## [INSTRUCTIONS TO FOLLOW]
Return the records below from the line containing "theory Defs" onward, exactly, through and including the last line.

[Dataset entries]
Start of Block

(* Let $\varphi$ be any forecasting system (not necessarily computable or non-degenerate) and $\omega\in\Omega$. If $\omega$ is Martin-Löf test random for $\varphi$, then $\omega$ is Martin-Löf random for $\varphi$.
   Context: Notation: $\mathbb N_0=\{0,1,\dots\}$; $\Omega=\{0,1\}^{\mathbb N}$; $\mathbb S$ finite binary strings, $\square$ empty string, $\omega^n$ first $n$ entries of $\omega$; $[s]=\{\omega:\omega^{|s|}=s\}$, $[A]=\bigcup_{s\in A}[s]$; for $A\subseteq\mathbb N_0\times\mathbb S$, $A_n=\{s:(n,s)\in A\}$. $\mathcal I$: nonempty closed subintervals of $[0,1]$; $\overline E_I(f)=\max_{p\in I}[pf(1)+(1-p)f(0)]$. Forecasting system: any map $\varphi:\mathbb S\to\mathcal I$. Supermartingale for $\varphi$: $M:\mathbb S\to\mathbb R$ with $\overline E_{\varphi(s)}(M(s\,\cdot))\le M(s)$ for all $s$; test supermartingale: non-negative with $M(\square)=1$. $\overline P_\varphi(G)=\inf\{M(\square):M\text{ supermartingale for }\varphi,\ \liminf_nM(\omega^n)\ge\mathbb 1_G(\omega)\ \forall\omega\}$. A real map $r:\mathbb S\to\mathbb R$ is lower semicomputable if there is a recursive $q:\mathbb S\times\mathbb N_0\to\mathbb Q$, non-decreasing in the second argument, with $q(s,n)\to r(s)$. $\omega$ is Martin-Löf random for $\varphi$ if every lower semicomputable test supermartingale $T$ for $\varphi$ satisfies $\sup_nT(\omega^n)<\infty$. A Martin-Löf test for $\varphi$ is a recursively enumerable $A\subseteq\mathbb N_0\times\mathbb S$ with $\overline P_\varphi([A_n])\le2^{-n}$ for all $n$; $\omega$ is Martin-Löf test random for $\varphi$ if $\omega\notin\bigcap_n[A_n]$ for every Martin-Löf test $A$ for $\varphi$. *)

theory Defs
  imports "HOL-Analysis.Analysis" "HOL-Library.Nat_Bijection"
begin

End of Block

## [OUTPUT OF THE TASK]
theory Defs
  imports "HOL-Analysis.Analysis" "HOL-Library.Nat_Bijection"
begin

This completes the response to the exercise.